Выбрать главу

В один из дней мы увидели колонны танков, грузовиков, набитых немецкими солдатами, мотоциклистов, двигающих по дороге вдоль ущелья в сторону Микоян-Шахара. Мама очень испугалась за нас, поскольку ходили слухи, что фашисты расстреливают евреев.

Однажды к вечеру мы с мамой спускались по тропе к реке набрать воды. Рядом по дороге мы вдруг увидели всадника с белой повязкой полицая. Мама очень испугалась. Увидев молодую женщину (маме было тогда 23 года), резко отличавшуюся по одежде от традиционной карачаевской женской одежды, полицай подъехал к нам и спросил маму где мы остановились. Мы находились недалеко от нашего дома, но мама сообразила и сказала, что остановилась в центре аула возле мечети.
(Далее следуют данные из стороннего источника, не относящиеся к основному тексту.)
lemma weight_mod_superset:
  assumes Y: "subspace Y" "Y \<subseteq> X" and A: "\<And>a. a \<in> I \<Longrightarrow> A a ` Y \<subseteq> Y"
  shows "Y \<subseteq> {w\<in>X. \<forall>a\<in>I. A a w - c a *s w \<in> Y}"
proof
  fix y assume y: "y \<in> Y"
  have "A a y - c a *s y \<in> Y" if "a \<in> I" for a
    using A[OF that] y by (intro subspace_diff[OF Y(1)] subspace_scale[OF Y(1)]) auto
  then show "y \<in> {w\<in>X. \<forall>a\<in>I. A a w - c a *s w \<in> Y}" using y Y(2) by auto
qed

lemma weight_mod_invariant:
  assumes Y: "subspace Y" and B: "lin B" "B ` Y \<subseteq> Y" "B ` X \<subseteq> X"
    and comm: "\<forall>a\<in>I. \<forall>w\<in>X. A a (B w) - B (A a w) \<in> Y"
    and w: "w \<in> {w\<in>X. \<forall>a\<in>I. A a w - c a *s w \<in> Y}"
  shows "B w \<in> {w\<in>X. \<forall>a\<in>I. A a w - c a *s w \<in> Y}"
proof -
  have "A a (B w) - c a *s B w \<in> Y" if a: "a \<in> I" for a
  proof -
    have eq: "A a (B w) - c a *s B w = (A a (B w) - B (A a w)) + B (A a w - c a *s w)"
      using B(1) by (simp add: linear_map_simps)
    show ?thesis unfolding eq using comm w a B(2) by (intro subspace_add[OF Y]) auto
  qed
  then show ?thesis using w B(3) by auto
qed
(* For every $f\in L^2(\pi)$, $\langle f,P_Nf\rangle_\pi\to(\mathbb{E}_\pi[f])^2$ as $N\to\infty$ (over integers $N$).
   Context: Let $\pi,q$ be probability densities with respect to a $\sigma$-finite measure $\mu$ on $(\mathbb{X},\mathcal{X})$ with $q(x)>0$ whenever $\pi(x)>0$; $\pi(dx)=\pi(x)\mu(dx)$, $q(dx)=q(x)\mu(dx)$, $\mathbb{S}=\{\pi>0\}$, $w(x)=\pi(x)/q(x)$ on $\mathbb{S}$ and $w=0$ elsewhere. For integer $N\ge1$, the i-SIR kernel is $P_N(z_1,A)=\int_{\mathbb{X}^{N-1}}\sum_{i=1}^N\frac{w(z_i)}{\sum_{j=1}^Nw(z_j)}\mathbf 1\{z_i\in A\}\prod_{n=2}^Nq(dz_n)$ for $z_1\in\mathbb{S}$, $P_1(z,\cdot)=\delta_z$, and $P_Nf(x)=\int f(y)P_N(x,dy)$. $\langle g,h\rangle_\pi=\int gh\,d\pi$. *)

theory Defs
  imports "HOL-Probability.Probability"
begin

definition isir_weight :: "('a \<Rightarrow> real) \<Rightarrow> ('a \<Rightarrow> real) \<Rightarrow> 'a \<Rightarrow> real" where
  "isir_weight p q x = (if p x > 0 then p x / q x else 0)"

text \<open>The current state is z_1 = x (index 0 here),
  the N-1 fresh proposals z_2..z_N are i.i.d. with law q(dx) = q(x) mu(dx)
  (indices 1..N-1 here, i.e. y 0 .. y (N-2)).\<close>
definition isir_op :: "'a measure \<Rightarrow> ('a \<Rightarrow> real) \<Rightarrow> ('a \<Rightarrow> real) \<Rightarrow> nat \<Rightarrow> ('a \<Rightarrow> real) \<Rightarrow> 'a \<Rightarrow> real" where
  "isir_op M p q N f x =
    (if N = 1 then f x
     else \<integral>y. (\<Sum>i<N. isir_weight p q (case_nat x y i)
                       / (\<Sum>j<N. isir_weight p q (case_nat x y j)) * f (case_nat x y i))
          \<partial>(\<Pi>\<^sub>M k\<in>{..<N - 1}. density M (\<lambda>z. ennreal (q z))))"

end

theory Submission
  imports Defs
begin

text \<open>
  Write \<open>\<pi> = w q\<close>. After this change of measure the current state of the chain is just one more
  proposal draw, weighted by \<open>w\<close>; so for \<open>N\<close> i.i.d. draws \<open>z\<^sub>1, \<dots>, z\<^sub>N\<close> from \<open>q\<close>, with
  \<open>S = \<Sum>\<^sub>i w(z\<^sub>i) f(z\<^sub>i)\<close> and \<open>W = \<Sum>\<^sub>i w(z\<^sub>i)\<close>, we get
  \<open>\<langle>f, P\<^sub>N f\<rangle>\<^sub>\<pi> = E[w(z\<^sub>1) f(z\<^sub>1) S / W] = E[S\<^sup>2 / W] / N\<close>, the second equality by exchangeability.
  Splitting \<open>S = T + \<mu> W\<close> with \<open>\<mu> = E\<^sub>\<pi> f\<close> and \<open>T = \<Sum>\<^sub>i w(z\<^sub>i) (f(z\<^sub>i) - \<mu>)\<close> gives
  \<open>E[S\<^sup>2 / W] / N = \<mu>\<^sup>2 + E[T\<^sup>2 / (N W)]\<close>. By Cauchy-Schwarz, \<open>T\<^sup>2 / W \<le> V = \<Sum>\<^sub>i w(z\<^sub>i) (f(z\<^sub>i) - \<mu>)\<^sup>2\<close>,
  and by the weak law of large numbers in \<open>L\<^sup>1\<close> we have \<open>T/N \<rightarrow> 0\<close>, \<open>W/N \<rightarrow> 1\<close> and
  \<open>V/N \<rightarrow> Var\<^sub>\<pi> f\<close>. Hence \<open>T\<^sup>2 / (N W)\<close> is small where \<open>T/N \<approx> 0\<close> and \<open>W/N \<approx> 1\<close>, and is controlled
  by \<open>V/N\<close> elsewhere, so the remainder \<open>E[T\<^sup>2 / (N W)]\<close> tends to \<open>0\<close>.
\<close>

definition nat_cons :: "nat \<Rightarrow> 'a \<times> (nat \<Rightarrow> 'a) \<Rightarrow> nat \<Rightarrow> 'a" where
  "nat_cons m = (\<lambda>(x, y). \<lambda>i\<in>{..<Suc m}. case_nat x y i)"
Вернувшись домой, мама рассказала хозяевам об этом случае. До сегодняшнего дня мы храним глубокую благодарность этой семье карачаевцев, которые с риском для свой жизни и детей спасли нас. Нас поместили в три плетенные корзинки и спустили на веревках в ущелье, а маму с годовалым ребенком спрятали в лесу. Ночью я слышал лай собак и крики солдат «Юде». Но нас они не нашли.

‍​‌‌​​‌‌‌​​‌​‌‌​‌​​​‌​‌‌‌​‌‌​​​‌‌​​‌‌​‌​‌​​​‌​‌‌‍

Рано утром хозяйский сын вывел нас на тропу, которая привела нас к висячему мосту через Теберду на окраине Микоян-Шахара.

Немцы уже господствовали в городе. Возвращаться в свою квартиру мы уже не могли. Остановились мы у знакомых в бараке на окраине города. Мама, собрав одежду, решила посетить окружные аулы, чтобы обменять ее на еду для нас.

А тем временем по городку были расклеены объявления немецкой комендатуры об обязательной регистрации всех жителей городка. Я уже привык видеть колонну мужчин и женщин с желтыми звездами на груди, которых сопровождали немецкие солдаты и уводили их куда-то за город. Мама сказала, что нас тоже могут арестовать. Крайний срок для регистрации приближался. Говорили также, что приехала комиссия членов зондер-команды, определяющая расовую принадлежность. Тогда мама решила рискнуть. Она одела меня в черкеску с гозырями, сапожки, кинжал и папаху, подареных мне отцом, и я превратился в вылитого черкеса. В таком виде мы явились в немецкую комендатуру. Нам повезло, поскольку начальником гестапо в городке оказался черкес. Увидев нас в очереди в коридоре и меня одетого в черкесскую одежду, он подхватил меня на руки и отнес к себе в кабинет, где находились другие офицеры. «Господа, вот вам настоящий джигит, который будет бить большевиков и освободит нас от русских!» Он усадил меня на стол, дал шоколаду и сказал моей матери, стоявшей у двери: «Пройдите мадам в кабинет №. Вас там быстро обслужат. Я попрошу за вас». Мама потом рассказала, что пожилая женщина-врач (видимо из зондер-команды) допрашивала ее, задавала ей вопросы относительно ее национального происхождения. Мама сказала, что она армянка христианского исповедания. Затем немецкий доктор попросил маму раздеть меня. Тщательно осмотрел меня и отпустил нас. Через некоторое время, нам выдали немецкий паспорт, разрешающий перемещаться в пределах зоны оккупации. Мама при выходе из гестапо прошептала «Сынок мы спасены, слава нашему раввину, что разрешил отложить твое обрезание».

Это давало нам возможность свободно переехать в станицу Зеленчукская, к маминой сестре. К тому времени мой младший брат погиб в результате бомбежки и нас осталось трое. Мама с годовалым ребенком отправилась в Зеленчукскую, а нас с сестрой Неллей оставила на попечение одной русской девушке, которая жила в бараке, днем работала в немецкой столовой, а вечером обслуживала немецких офицеров. Перед этим она просила нас с сестрой прятаться под кроватью, на которой ночью она принимала гостей. Мама была ей глубоко благодарна, за то, что она не выдала нас немцам, кормила нас и помогала нам выжить.

В нашем городке была расквартирована знаменитая дивизия «Эдельвейс», состоящая из отборных немецких солдат призванных из богатых немецких семей и специально обученных ведению боев в горных условиях. Их отношение к нам, голодным детям, бегающим за ними по улицам городка, вымаливая еду, было почти добрым – видимо мы напоминали им их детей, оставленных в Германии. Они разрешали нам лазать по танкам, вращающимся гаубицам, любовно называя их «Ванюша» в противовес советской «Катюше». Нам, мальчишкам семи лет, все это казалось военной игрой и очень нравилось.